Crystallization and structure determination. YhcH crystals were grown by the vapor diffusion hanging drop method at room temperature from 0.1 M HEPES, pH 7.5, 25% polyethylene glycol 4000, 1 M sodium acetate. These crystals belong to space group P21 with the following unit cell parameters: a = 41.9 Å, b = 153.9 Å, c = 53.8 Å, and ß = 112.9°. There are four polypeptide chains in the asymmetric unit with a solvent content of 45%. For X-ray data collection, the crystals were flash-frozen in liquid propane in the crystallization solution.

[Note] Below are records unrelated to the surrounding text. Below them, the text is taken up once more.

(* Let $T,s,k\in\mathbb{N}$ and let $w\in\{0,1\}^T$ be a random variable satisfying the $\epsilon$-martingale condition. Then \[ \Pr_w\bigl[\text{there is a decomposition } w=xyz \text{ with } |x|=s-1,\ |y|\ge k, \text{ such that } \mu_x(y)\ge0\bigr]\le O(1)\cdot\exp(-\Omega(k)). \]
   Context: Characteristic strings and forks. A characteristic string is $w=w_1\dots w_n\in\{0,1\}^n$; index $i$ is honest if $w_i=0$ and adversarial if $w_i=1$. A fork for $w$ is a rooted tree with edges directed away from the root $r$ and labeling $\ell:V\to\{0,\dots,n\}$ with (F1) $\ell(r)=0$; (F2) labels strictly increasing along directed paths; (F3) each honest index labels exactly one vertex; (F4) for honest $i<j$ the vertex labeled $i$ has strictly smaller depth than the vertex labeled $j$. Write $F\vdash w$. A vertex is honest if it is the root or labeled by an honest index. A tine is a directed path from the root; its length is its number of edges, $\ell(t)$ the label of its last vertex. A fork is closed if every leaf is honest; a closed fork has a unique longest tine $\hat t$. For closed $F\vdash w$ and tine $t$: $\mathrm{gap}(t)=\mathrm{length}(\hat t)-\mathrm{length}(t)$, $\mathrm{reserve}(t)=|\{i:w_i=1,\ i>\ell(t)\}|$, $\mathrm{reach}(t)=\mathrm{reserve}(t)-\mathrm{gap}(t)$. For $w=xy$, tines are disjoint over $y$ if they share no edge terminating at a vertex with label $>|x|$ (a tine may be paired with itself). $\mu_x(F)=\max\min\{\mathrm{reach}(t_1),\mathrm{reach}(t_2)\}$ over pairs disjoint over $y$, and $\mu_x(y)=\max\{\mu_x(F):F\vdash xy\text{ closed}\}$. A random variable $W\in\{0,1\}^n$ satisfies the $\epsilon$-martingale condition ($\epsilon\in(0,1)$) if for every $t$, $\Pr[W_t=1\mid W_1,\dots,W_{t-1}]\le(1-\epsilon)/2$. The asymptotic constants may depend on $\epsilon$. *)

theory Defs
  imports "HOL-Probability.Probability"
begin

text \<open>A characteristic string w = w_1 ... w_n is a bool list; w_i = 1 (adversarial)
  is encoded as True, w_i = 0 (honest) as False. Indices are 1-based: w_i = w ! (i - 1).\<close>

definition honest_idx :: "bool list \<Rightarrow> nat \<Rightarrow> bool" where
  "honest_idx w i \<longleftrightarrow> 1 \<le> i \<and> i \<le> length w \<and> \<not> w ! (i - 1)"

definition adv_idx :: "bool list \<Rightarrow> nat \<Rightarrow> bool" where
  "adv_idx w i \<longleftrightarrow> 1 \<le> i \<and> i \<le> length w \<and> w ! (i - 1)"

text \<open>A rooted tree on a finite vertex set of naturals, given by a root and a parent map;
  the edges are (par v, v) for v \<noteq> root, directed away from the root.\<close>

record fork =
  verts :: "nat set"
  rt    :: nat
  par   :: "nat \<Rightarrow> nat"
  lab   :: "nat \<Rightarrow> nat"

definition is_rooted_tree :: "fork \<Rightarrow> bool" where
  "is_rooted_tree F \<longleftrightarrow> finite (verts F) \<and> rt F \<in> verts F \<and>
     (\<forall>v\<in>verts F. v \<noteq> rt F \<longrightarrow> par F v \<in> verts F) \<and>
     (\<forall>v\<in>verts F. \<exists>m. (par F ^^ m) v = rt F)"

definition depth :: "fork \<Rightarrow> nat \<Rightarrow> nat" where
  "depth F v = (LEAST m. (par F ^^ m) v = rt F)"

definition tine_verts :: "fork \<Rightarrow> nat \<Rightarrow> nat set" where
  "tine_verts F v = {(par F ^^ i) v | i. i \<le> depth F v}"

definition is_fork :: "bool list \<Rightarrow> fork \<Rightarrow> bool" where
  "is_fork w F \<longleftrightarrow> is_rooted_tree F \<and>
     (\<forall>v\<in>verts F. lab F v \<le> length w) \<and>
     \<comment> \<open>(F1)\<close>
     lab F (rt F) = 0 \<and>
     \<comment> \<open>(F2) labels strictly increase along directed paths\<close>
     (\<forall>v\<in>verts F. \<forall>i. 0 < i \<and> i \<le> depth F v \<longrightarrow> lab F ((par F ^^ i) v) < lab F v) \<and>
     \<comment> \<open>(F3)\<close>
     (\<forall>i. honest_idx w i \<longrightarrow> card {v \<in> verts F. lab F v = i} = 1) \<and>
     \<comment> \<open>(F4)\<close>
     (\<forall>i j u v. honest_idx w i \<and> honest_idx w j \<and> i < j \<and> u \<in> verts F \<and> v \<in> verts F \<and>
        lab F u = i \<and> lab F v = j \<longrightarrow> depth F u < depth F v)"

The structure was solved by the two-wavelength anomalous diffraction method (MAD) using a mercury derivative. Crystals were soaked in 2 mM KHgSCN overnight and appeared to be nonisomorphous compared to the native crystals (R-merge = 44.3%) with unit cell deviations of up to 3% (a = 43.1 Å, b = 152.3 Å, c = 53.4 Å, ß = 113.6°). The 2.6-Å diffraction data for the derivative and the 2.2-Å data for the native crystal (Table 1) were collected on the IMCA-CAT beamline at the Advanced Photon Source (Argonne, IL) equipped with a MAR charge-coupled device detector. The following programs were used: HKL2000 (43) for data processing, SnB (37), MLPHARE (42), and DM (13) for phasing, O (30) for model building, and REFMAC (40) for refinement. The atomic model was built into the MAD-phased electron density and refined against the Hg derivative data. It was used for further refinement against the native data at 2.2-Å resolution. No noncrystallographic symmetry restraints were applied to the four independent protein molecules. The refinement statistics are shown in Table 1. Water molecules were added at the (Fo-Fc) electron density peaks using a cutoff level of 3
. The same native crystal was used for an X-ray fluorescence absorption experiment at the copper edge (wavelength, 1.3804 Å). A complete data set was collected at the peak wavelength (1.3766 Å) and used for anomalous Fourier calculations. Programs from the CCP4 suite (12) were used for crystallographic calculations, CLUSTALW (53) and ESPRIPT (26) were used for sequence alignment, and MOLSCRIPT (35) and RASTER3D (36) were used for ribbon diagrams.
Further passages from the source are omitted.